The devastating impacts of armed conflict extend well beyond the immediate physical damage and suffering experienced by civilians. The economic disruption caused by armed conflict exerts a significant burden not only on the economies of affected nations but also on adjacent regions and global markets. Such a financial strain often leads to a halt in investment and trade, which can negatively impact a nation’s ability to rebound from conflict and foster resiliency post-conflict.

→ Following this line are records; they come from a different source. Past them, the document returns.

(* Let $f:\mathbb R^p\to\mathbb R^p$ be a continuous function of the form $f(x)=\sum_{\ell=1}^L\mathbf 1\{x\in\mathscr X^{(\ell)}\}(\phi^{(\ell)}+\Phi^{(\ell)}x)$, where $\{\mathscr X^{(\ell)}\}_{\ell=1}^L$ is a partition of $\mathbb R^p$ into convex sets, $\phi^{(\ell)}\in\mathbb R^p$ and $\Phi^{(\ell)}\in\mathbb R^{p\times p}$. Then: (1) for every $x',x''\in\mathbb R^p$ there exists $\Phi\in\operatorname{co}\{\Phi^{(\ell)}\}_{\ell=1}^L$ such that $f(x'')-f(x')=\Phi(x''-x')$; (2) if $f$ is invertible, then the sets $\mathscr Y^{(\ell)}\defeq f(\mathscr X^{(\ell)})$ partition $\mathbb R^p$ and $f^{-1}(y)=\sum_{\ell=1}^L\mathbf 1\{y\in\mathscr Y^{(\ell)}\}(\Phi^{(\ell)})^{-1}(y-\phi^{(\ell)})$. Suppose further that there exist $a\in\mathbb R^p\setminus\{0\}$ and thresholds $-\infty=\tau_0<\tau_1<\dots<\tau_L=+\infty$ with $\mathscr X^{(\ell)}=\{x\in\mathbb R^p:a^\top x\in(\tau_{\ell-1},\tau_\ell]\}$. Then: (3) if $f$ is invertible, $f^{-1}(y)=\sum_{\ell=1}^L\mathbf 1\{b^\top y\in(\nu_{\ell-1},\nu_\ell]\}(\Phi^{(\ell)})^{-1}(y-\phi^{(\ell)})$, where $b^\top\defeq a^\top(\Phi^{(1)})^{-1}$ and $\nu_\ell\defeq\frac{\det\Phi^{(\ell)}}{\det\Phi^{(1)}}\tau_\ell+a^\top(\Phi^{(1)})^{-1}\phi^{(\ell)}$ for $\ell\in\{0,\dots,L\}$.
   Context: $\operatorname{co}$ denotes the convex hull. In parts (2)–(3), the formulas involve $(\Phi^{(\ell)})^{-1}$; the conventions $\pm\infty$ times positive scalars plus finite constants are $\pm\infty$. *)

theory Defs
  imports "HOL-Analysis.Analysis" "HOL-Library.Extended_Real"
begin

definition pw_affine ::
  "nat \<Rightarrow> (nat \<Rightarrow> (real^'p) set) \<Rightarrow> (nat \<Rightarrow> real^'p) \<Rightarrow> (nat \<Rightarrow> real^'p^'p) \<Rightarrow> real^'p \<Rightarrow> real^'p"
  where "pw_affine L X \<phi> \<Phi> x = (\<Sum>l\<in>{1..L}. of_bool (x \<in> X l) *\<^sub>R (\<phi> l + \<Phi> l *v x))"

text \<open>For l = 0 the matrix Phi^(0) does not exist; by the stated convention
  (-infinity times a positive scalar plus a finite constant), nu_0 = -infinity.\<close>
definition nu_thr ::
  "(real^'p) \<Rightarrow> (nat \<Rightarrow> ereal) \<Rightarrow> (nat \<Rightarrow> real^'p) \<Rightarrow> (nat \<Rightarrow> real^'p^'p) \<Rightarrow> nat \<Rightarrow> ereal"
  where "nu_thr a \<tau> \<phi> \<Phi> l =
    (if l = 0 then - \<infinity>
     else ereal (det (\<Phi> l) / det (\<Phi> 1)) * \<tau> l
          + ereal ((a v* matrix_inv (\<Phi> 1)) \<bullet> \<phi> l))"

end

theory Submission
  imports Defs
begin

(* (1) Along the segment from x' to x'', the map t \<mapsto> f (x' + t (x'' - x')) is continuous and
  affine with slope \<Phi> l (x'' - x') on each of the finitely many intervals in which the segment
  meets X l. The fundamental theorem of calculus writes the increment of f as the average of these
  slopes weighted by the lengths of the intervals, i.e. as a convex combination of the \<Phi> l
  applied to x'' - x'.
  (2) For a bijection, the images f ` X l partition the space and on f ` X l the inverse of f is
  the inverse of the affine map of piece l.
  (3) For slabs, continuity across the hyperplane a \<bullet> x = \<tau> l forces \<Phi> (l + 1) - \<Phi> l to be
  a rank-one matrix c a^T, so by the matrix determinant lemma b^T \<Phi> l = (det \<Phi> l / det \<Phi> 1) a^T.
  Injectivity across each hyperplane forces consecutive determinants to have the same sign, so
  b \<bullet> f x is a strictly increasing affine function of a \<bullet> x on every slab; by continuity
  these functions match up and map the slab (\<tau> (l - 1), \<tau> l] onto (\<nu> (l - 1), \<nu> l]. *)

section \<open>Rank-one updates of matrices\<close>

lemma matrix_inv_mult_vector:
  assumes "invertible (A :: real^'n^'n)"
  shows "matrix_inv A *v (A *v x) = x" and "A *v (matrix_inv A *v x) = x"
proof -
  have "A ** matrix_inv A = mat 1" "matrix_inv A ** A = mat 1"
    using someI_ex[OF assms[unfolded invertible_def]] unfolding matrix_inv_def by auto
  then show "matrix_inv A *v (A *v x) = x" "A *v (matrix_inv A *v x) = x"
    by (simp_all add: matrix_vector_mul_assoc)
qed

lemma matrix_add_rdistrib: "(A + B) ** C = A ** C + B ** C"
  by (vector matrix_matrix_mult_def sum.distrib[symmetric] field_simps)

lemma sum_matrix_vector_mult: "(\<Sum>l\<in>I. A l) *v x = (\<Sum>l\<in>I. A l *v x)"
  by (induction I rule: infinite_finite_induct) (simp_all add: matrix_vector_mult_add_rdistrib)

definition outer :: "real^'m \<Rightarrow> real^'n \<Rightarrow> real^'n^'m"
  where "outer u v = (\<chi> i j. u$i * v$j)"

lemma outer_mult_vector [simp]: "outer u v *v z = (v \<bullet> z) *\<^sub>R u"
  by (simp add: outer_def vec_eq_iff matrix_vector_mult_def inner_vec_def sum_distrib_left mult_ac)

lemma matrix_mul_outer: "A ** outer u v = outer (A *v u) v"
  by (simp add: outer_def vec_eq_iff matrix_matrix_mult_def matrix_vector_mult_def sum_distrib_left mult_ac)

lemma outer_mul_matrix: "outer u v ** B = outer u (v v* B)"
  by (simp add: outer_def vec_eq_iff matrix_matrix_mult_def vector_matrix_mult_def sum_distrib_left mult_ac)

lemma outer_add_left: "outer (u + w) v = outer u v + outer w v"
  by (simp add: outer_def vec_eq_iff distrib_right)

lemma outer_zero_left [simp]: "outer 0 v = 0"
  by (simp add: outer_def vec_eq_iff)

lemma outer_zero_right [simp]: "outer u 0 = 0"
  by (simp add: outer_def vec_eq_iff)

lemma det_identity_plus_outer_axis:
  fixes u :: "real^'n"
  shows "det (mat 1 + outer u (axis k 1)) = 1 + u$k"
proof -
  have "mat 1 + outer u (axis k 1) =
      (\<chi> i j. if j = k then (axis k 1 + u)$i else (mat 1 :: real^'n^'n)$i$j)"
    by (simp add: vec_eq_iff outer_def mat_def axis_def)
  then show ?thesis
    using cramer_lemma[of k "mat 1" "axis k 1 + u"] by (simp only: matrix_vector_mul_lid det_I) simp
qed

text \<open>Conjugating by the matrix whose k-th row is a (where a$k \<noteq> 0) and whose other rows are
  those of the identity moves the rank-one part into the k-th column.\<close>
lemma det_identity_plus_outer:
  fixes w a :: "real^'n"
  shows "det (mat 1 + outer w a) = 1 + a \<bullet> w"
proof (cases "a = 0")
  case False
  then obtain k where ak: "a$k \<noteq> 0" by (metis vec_eq_iff zero_index)
  define S :: "real^'n^'n" where "S = (\<chi> i. if i = k then a else axis i 1)"
  have "transpose S = (\<chi> i j. if j = k then a$i else (mat 1 :: real^'n^'n)$i$j)"
    by (simp add: vec_eq_iff S_def transpose_def mat_def axis_def)
  then have det_S: "det S = a$k"
    using cramer_lemma[of k "mat 1" a] det_transpose[of S]
    by (simp only: matrix_vector_mul_lid det_I)
  have "axis k 1 v* S = a"
    by (simp add: vec_eq_iff S_def vector_matrix_mult_def axis_def mult_if_delta)
  then have "S ** (mat 1 + outer w a) = (mat 1 + outer (S *v w) (axis k 1)) ** S"
    by (simp add: matrix_add_ldistrib matrix_add_rdistrib matrix_mul_outer outer_mul_matrix)
  then have "det S * det (mat 1 + outer w a) = det S * (1 + (S *v w)$k)"
    by (metis det_mul det_identity_plus_outer_axis mult.commute)
  moreover have "(S *v w)$k = a \<bullet> w"
    by (simp add: S_def matrix_vector_mult_def inner_vec_def)
  ultimately show ?thesis using ak det_S by simp
qed simp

Inadequate access to economic opportunities is often a root cause of armed conflict. The lack of such opportunities can lead to a perception of disenfranchisement and resentment amongst certain groups, which can motivate them to seek independence from or redress against a state. In addition, the opportunity to control valuable economic resources may be a driving force behind armed conflict. For example, in Sierra Leone, where the armed conflict was largely fueled by diamonds, rebels and government forces alike sold future exploitation rights to foreign companies for substantial sums of money.
Moreover, many states, particularly those on the far right of the political spectrum, provide support for armed conflict by asserting that it is a natural right of a powerful state to claim whatever territory it wishes from weaker countries. These views, along with those of some centrist, capitalist world leaders, have led to the widespread view that armed conflict is an acceptable means of addressing geopolitical issues and advancing economic prosperity.
The legal definition of armed conflict in international humanitarian law – articulated in Article 3 of the 1949 Geneva Conventions – is wide-ranging and intentionally broad, so that States cannot try to deny its applicability by claiming that they are only engaged in a police action rather than a war (see Commentary on the First Geneva Convention). Additionally, armed conflicts are defined as any dispute between two or more States in which a resort to armed force has taken place.